Role of hematin and sodium nitroprusside in regulating Brassica nigra seed germination under nanosilver and silver nitrate stresses

• Toxicity of AgNPs was more pronounced than AgNO3 in Brassica nigra.
• Low concentration of AgNPs or AgNO3 increased HO-1 expression.
• High concentration of AgNPs or AgNO3 suppressed HO-1 expression.
• Hematin and SNP improved seed germination under AgNPs or AgNO3 and ZnPPIX or cPTIO reversed their effect.
• Crosstalk between endogenous HO and NO is needed to alleviate AgNPs toxicity.

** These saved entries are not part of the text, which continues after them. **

section \<open>The probability estimate\<close>

lemma card_walks_with_profile_le:
  assumes d: "d \<ge> 1" and N: "N \<ge> 1" and "E \<subseteq> walks d N"
    and "\<And>xs. xs \<in> E \<Longrightarrow> local_time xs N = p"
    and "\<And>xs. xs \<in> E \<Longrightarrow> dirichlet d (\<lambda>x. sqrt (real (local_time xs N x))) \<ge> D"
  shows "real (card E) \<le> (2 * real d) ^ N * exp (2 * ln (real N) + 1 - D / 2)"
proof -
  define B where "B = D / 2 - real N * ln (2 * real d) - 2 * ln (real N) - 1"
  have u_pos: "tilt N p x > 0" for x
    using N by (rule tilt_pos)
  have "exp B \<le> walk_weight d (tilt N p) xs" if "xs \<in> E" for xs
  proof -
    have "B \<le> ln (walk_weight d (tilt N p) xs)"
      using ln_walk_weight_tilt_ge [OF d _ N, of xs] assms(3-5) that unfolding B_def by force
    then show ?thesis
      using walk_weight_pos [OF d u_pos] by (simp add: ln_ge_iff)
  qed
  then have "real (card E) * exp B \<le> (\<Sum>xs\<in>E. walk_weight d (tilt N p) xs)"
    using sum_mono [of E "\<lambda>_. exp B"] by simp
  also have "\<dots> \<le> (\<Sum>xs\<in>walks d N. walk_weight d (tilt N p) xs)"
    using walk_weight_pos [OF d u_pos]
    by (intro sum_mono2 finite_walks assms(3)) (simp add: less_imp_le)
  also have "\<dots> = 1"
    by (rule sum_walk_weight [OF d u_pos])
  finally have "real (card E) \<le> exp (- B)"
    by (simp add: exp_minus field_simps)
  also have "exp (- B) = exp (real N * ln (2 * real d)) * exp (2 * ln (real N) + 1 - D / 2)"
    by (simp add: B_def flip: exp_add)
  also have "exp (real N * ln (2 * real d)) = (2 * real d) ^ N"
    using d by (simp add: exp_of_nat_mult)
  finally show ?thesis .
qed

lemma card_le_card_image_mult:
  fixes f :: "'a \<Rightarrow> 'b" and B :: real
  assumes "finite E" "\<And>y. y \<in> f ` E \<Longrightarrow> real (card {x \<in> E. f x = y}) \<le> B"
  shows "real (card E) \<le> real (card (f ` E)) * B"
proof -
  have "card E = card (\<Union>y\<in>f ` E. {x \<in> E. f x = y})"
    by (rule arg_cong [where f = card]) auto
  also have "\<dots> \<le> (\<Sum>y\<in>f ` E. card {x \<in> E. f x = y})"
    by (rule card_UN_le) (simp add: assms(1))
  finally have "real (card E) \<le> (\<Sum>y\<in>f ` E. real (card {x \<in> E. f x = y}))"
    by (simp flip: of_nat_sum)
  also have "\<dots> \<le> (\<Sum>y\<in>f ` E. B)"
    by (intro sum_mono assms(2))
  finally show ?thesis
    by simp
qed

lemma prob_high_energy_small_range_le:
  assumes d: "d \<ge> 1" and N: "N \<ge> 1"
  shows "measure_pmf.prob (SRW d N)
      {xs. dirichlet d (\<lambda>x. sqrt (real (local_time xs N x))) \<ge> D \<and> card (range_set xs N) \<le> m}
    \<le> real ((m + 1) * (2 * d * m * (N + 1)) ^ m) * exp (2 * ln (real N) + 1 - D / 2)"
    (is "measure_pmf.prob _ ?A \<le> real ?P * ?C")
proof -
  define E where "E = walks d N \<inter> ?A"
  define prof where "prof xs = local_time xs N" for xs
  have E: "E \<subseteq> walks d N" "finite E"
    using finite_walks by (auto simp: E_def intro: finite_subset)
  have visited_le: "card (pos xs ` {..<N}) \<le> m" if "xs \<in> E" for xs
  proof -
    have "card (pos xs ` {..<N}) \<le> card (range_set xs N)"
      unfolding range_set_def by (intro card_mono) auto
    with that show ?thesis
      by (simp add: E_def)
  qed
  have "real (card E) \<le> real (card (prof ` E)) * ((2 * real d) ^ N * ?C)"
    using E by (intro card_le_card_image_mult card_walks_with_profile_le [OF d N])
      (auto simp: prof_def E_def)
  also have "\<dots> \<le> real ?P * ((2 * real d) ^ N * ?C)"
  proof -
    have "real (card (prof ` E)) \<le> real ?P"
      unfolding prof_def using card_local_time_profiles_le [OF d N E(1) visited_le]
      by (rule of_nat_mono)
    then show ?thesis
      by (rule mult_right_mono) simp
  qed
  finally have "real (card E) / (2 * real d) ^ N \<le> real ?P * ?C"
    using d by (simp add: divide_le_eq mult_ac)
  moreover have "measure_pmf.prob (SRW d N) ?A = real (card E) / (2 * real d) ^ N"
  proof -
    have "walks d N \<noteq> {}"
      using card_walks [of d N] d by auto
    then show ?thesis
      unfolding SRW_def E_def by (simp add: measure_pmf_of_set finite_walks card_walks)
  qed
  ultimately show ?thesis
    by simp
qed

lemma profile_base_le_power:
  fixes n m :: nat and c :: real
  assumes "real n \<ge> 4 * real d * c" "1 \<le> n" "real m \<le> c * real n ^ d"
  shows "real (2 * d * m * (n ^ (d + 2) + 1)) \<le> real n ^ (2 * d + 3)"
proof -
  have N1: "1 \<le> real n ^ (d + 2)"
    using assms(2) by (intro one_le_power) simp
  have "real (2 * d * m * (n ^ (d + 2) + 1)) = 2 * real d * real m * (real n ^ (d + 2) + 1)"
    by (simp only: of_nat_mult of_nat_add of_nat_power) simp
  also have "\<dots> \<le> 2 * real d * (c * real n ^ d) * (2 * real n ^ (d + 2))"
    using assms(3) N1 by (intro mult_mono) auto
  also have "\<dots> = (4 * real d * c) * (real n ^ d * real n ^ (d + 2))"
    by (simp add: algebra_simps)
  also have "\<dots> \<le> real n * (real n ^ d * real n ^ (d + 2))"
    using assms(1) by (intro mult_right_mono) auto
  also have "\<dots> = real n ^ (1 + d + (d + 2))"
    by (simp only: power_add power_one_right mult.assoc)
  also have "1 + d + (d + 2) = 2 * d + 3"
    by simp
  finally show ?thesis .
qed

lemma ln_profile_count_le:
  fixes n m :: nat and c :: real
  assumes d: "d \<ge> 3" and c: "c \<ge> 1" and n: "real n \<ge> 4 * real d * c" "n \<ge> 2 * d + 5"
    and m: "1 \<le> m" "real m \<le> c * real n ^ d"
  defines "N \<equiv> n ^ (d + 2)"
  shows "ln (real ((m + 1) * (2 * d * m * (N + 1)) ^ m)) + 2 * ln (real N) + 1
           \<le> 4 * real d * c * real n ^ d * ln (real n)"
proof -
  define l where "l = ln (real n)"
  define M where "M = c * real n ^ d"
  define b where "b = 2 * d * m * (N + 1)"
  have l: "l \<ge> 1"
  proof -
    have "exp 1 \<le> real n"
      using exp_le n(2) by linarith
    then show ?thesis
      unfolding l_def using n(2) by (subst ln_ge_iff) auto
  qed
  have "real n \<le> real n ^ d"
    using n(2) d by (intro power_increasing [of 1 d, simplified]) auto
  moreover have "real n ^ d \<le> M"
    unfolding M_def using c mult_right_mono [of 1 c "real n ^ d"] by simp
  ultimately have n_le_M: "real n \<le> M"
    by linarith
  have m_le_M: "real m \<le> M"
    using m(2) by (simp add: M_def)
  have "0 < b"
    using m(1) d by (simp add: b_def)
  then have b1: "real b \<ge> 1"
    by (simp add: Suc_le_eq)
  have "ln (real b) \<le> ln (real n ^ (2 * d + 3))"
    unfolding b_def N_def using b1 n(2)
    by (intro ln_mono profile_base_le_power [OF n(1) _ m(2)]) (auto simp: b_def N_def)
  also have "\<dots> = (2 * real d + 3) * l"
    by (simp add: l_def ln_realpow)
  finally have ln_b: "ln (real b) \<le> (2 * real d + 3) * l" .
  have "ln (real (m + 1)) \<le> real m"
    using ln_add_one_self_le_self [of "real m"] by (simp add: add.commute)
  also have "\<dots> \<le> M * l"
    using m_le_M l n_le_M mult_left_mono [of 1 l M] by simp
  finally have first: "ln (real (m + 1)) \<le> M * l" .
  have "real m * ln (real b) \<le> M * ((2 * real d + 3) * l)"
    using m_le_M ln_b b1 by (intro mult_mono) auto
  then have second: "real m * ln (real b) \<le> (2 * real d + 3) * (M * l)"
    by (simp add: algebra_simps)
  have "2 * ln (real N) + 1 \<le> (2 * real d + 5) * l"
    unfolding N_def l_def of_nat_power ln_realpow using l by (simp add: l_def algebra_simps)
  also have "\<dots> \<le> M * l"
    using n(2) n_le_M l by (intro mult_right_mono) auto
  finally have third: "2 * ln (real N) + 1 \<le> M * l" .
  have "ln (real ((m + 1) * b ^ m)) = ln (real (m + 1) * real b ^ m)"
    by (simp only: of_nat_mult of_nat_power)
  also have "\<dots> = ln (real (m + 1)) + real m * ln (real b)"
    using b1 by (simp add: ln_mult_pos ln_realpow)
  finally have "ln (real ((m + 1) * b ^ m)) = ln (real (m + 1)) + real m * ln (real b)" .
  moreover have "(2 * real d + 5) * (M * l) \<le> 4 * real d * (M * l)"
    using d l n_le_M n(2) by (intro mult_right_mono) auto
  ultimately have "ln (real ((m + 1) * b ^ m)) + 2 * ln (real N) + 1 \<le> 4 * real d * (M * l)"
    using first second third by (simp add: algebra_simps)
  then show ?thesis
    by (simp add: b_def M_def l_def algebra_simps)
qed

lemma prob_high_energy_small_range_le_exp:
  fixes n :: nat and c \<kappa> :: real
  assumes d: "d \<ge> 3" and c: "c \<ge> 1" and n: "real n \<ge> 4 * real d * c" "n \<ge> 2 * d + 5"
  defines "N \<equiv> n ^ (d + 2)"
  shows "measure_pmf.prob (SRW d N)
       {xs. dirichlet d (\<lambda>x. sqrt (real (local_time xs N x))) \<ge> \<kappa> * real n ^ d * ln (real n)
            \<and> real (card (range_set xs N)) \<le> c * real n ^ d}
     \<le> exp (- ((\<kappa> / 2 - 4 * real d * c) * real n ^ d * ln (real n)))"
proof -
  define D where "D = \<kappa> * real n ^ d * ln (real n)"
  define m where "m = nat \<lfloor>c * real n ^ d\<rfloor>"
  define P where "P = (m + 1) * (2 * d * m * (N + 1)) ^ m"
  have "1 \<le> real n ^ d"
    using n(2) by (intro one_le_power) simp
  then have "1 \<le> c * real n ^ d"
    using c mult_mono [of 1 c 1 "real n ^ d"] by simp
  then have m: "1 \<le> m" "real m \<le> c * real n ^ d"
    unfolding m_def by (auto intro: le_nat_floor of_nat_floor)
  have "1 \<le> N"
    unfolding N_def using n(2) by (intro one_le_power) simp
  have "measure_pmf.prob (SRW d N)
       {xs. dirichlet d (\<lambda>x. sqrt (real (local_time xs N x))) \<ge> D
            \<and> real (card (range_set xs N)) \<le> c * real n ^ d}
     \<le> measure_pmf.prob (SRW d N)
       {xs. dirichlet d (\<lambda>x. sqrt (real (local_time xs N x))) \<ge> D \<and> card (range_set xs N) \<le> m}"
    unfolding m_def by (intro measure_pmf.finite_measure_mono) (auto intro: le_nat_floor)
  also have "\<dots> \<le> real P * exp (2 * ln (real N) + 1 - D / 2)"
    unfolding P_def using d \<open>1 \<le> N\<close> by (intro prob_high_energy_small_range_le) auto
  also have "\<dots> = exp (ln (real P) + (2 * ln (real N) + 1 - D / 2))"
  proof -
    have "0 < P"
      using m(1) d by (simp add: P_def)
    then show ?thesis
      by (simp add: exp_add)
  qed
  also have "\<dots> \<le> exp (4 * real d * c * real n ^ d * ln (real n) - D / 2)"
    using ln_profile_count_le [OF d c n m] by (simp add: P_def N_def)
  also have "\<dots> = exp (- ((\<kappa> / 2 - 4 * real d * c) * real n ^ d * ln (real n)))"
    by (simp add: D_def algebra_simps)
  finally show ?thesis
    unfolding D_def .
qed

theorem proposition4p1:
  fixes d :: nat and c \<kappa> :: real
  assumes "d \<ge> 3" and "c \<ge> 1" and "\<kappa> \<ge> 1" and "\<kappa> / 2 - 4 * real d * c > 0"
  shows "eventually (\<lambda>n::nat.
     measure_pmf.prob (SRW d (n ^ (d + 2)))
       {xs. dirichlet d (\<lambda>x. sqrt (real (local_time xs (n ^ (d + 2)) x)))
              \<ge> \<kappa> * real n ^ d * ln (real n)
            \<and> real (card (range_set xs (n ^ (d + 2)))) \<le> c * real n ^ d}
     \<le> exp (- ((\<kappa> / 2 - 4 * real d * c) * real n ^ d * ln (real n)))) sequentially"
proof -
  (* The bound holds for every \<kappa>; the hypotheses on \<kappa> only make it non-trivial. *)
  obtain n0 :: nat where n0: "4 * real d * c \<le> real n0"
    using real_arch_simple by blast
  have "eventually (\<lambda>n. n \<ge> max n0 (2 * d + 5)) sequentially"
    by (rule eventually_ge_at_top)
  then have "eventually (\<lambda>n. real n \<ge> 4 * real d * c \<and> n \<ge> 2 * d + 5) sequentially"
  proof eventually_elim
    case (elim n)
    then have "real n0 \<le> real n"
      by simp
    with n0 elim show ?case
      by simp
  qed
  then show ?thesis
    by eventually_elim (rule prob_high_energy_small_range_le_exp, use assms in auto)
qed

end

Silver nanoparticles (AgNPs) are one of the most widely used nanomaterials, although the mechanisms of AgNP toxicity in terrestrial plants is still unclear. We compared the toxic effects of AgNPs and AgNO3 on Brassica nigra seed germination at physiological and molecular levels. Both AgNPs and AgNO3 inhibited seed germination, lipase activity, soluble and reducing sugar contents in germinating seeds and seedlings. These reductions were more pronounced in AgNP treatments than AgNO3 treatments. Application of 200–400 mg/L both AgNPs and AgNO3 increased transcription of heme oxygenase-1. However, at 800, 1600 mg/L, AgNPs or AgNO3 suppressed HO-1 expression. At 400 mg/L, AgNPs or AgNO3-induced inhibitory effects on seed germination and were ameliorated by the HO-1 inducer, hematin, or NO donor, sodium nitroprusside (SNP). Additionally, 4 μM hematin and 400 μM SNP were able to markedly boost the HO/NO system. However, the addition of the HO-1 inhibitor (ZnPPIX) or the specific scavenger of NO (cPTIO) not only reversed the protective effects conferred by hematin, but also blocked the up-regulation of HO activity. In addition, hematin-drived NO production in B. niger seeds under AgNPs was confirmed. Our results at physiological and molecular levels suggested that AgNPs were more toxic than AgNO3. Based on these results, for the first time, we suggest that endogenous HO is needed to alleviate AgNPs-induced germination inhibition, which might have a possible interaction with NO.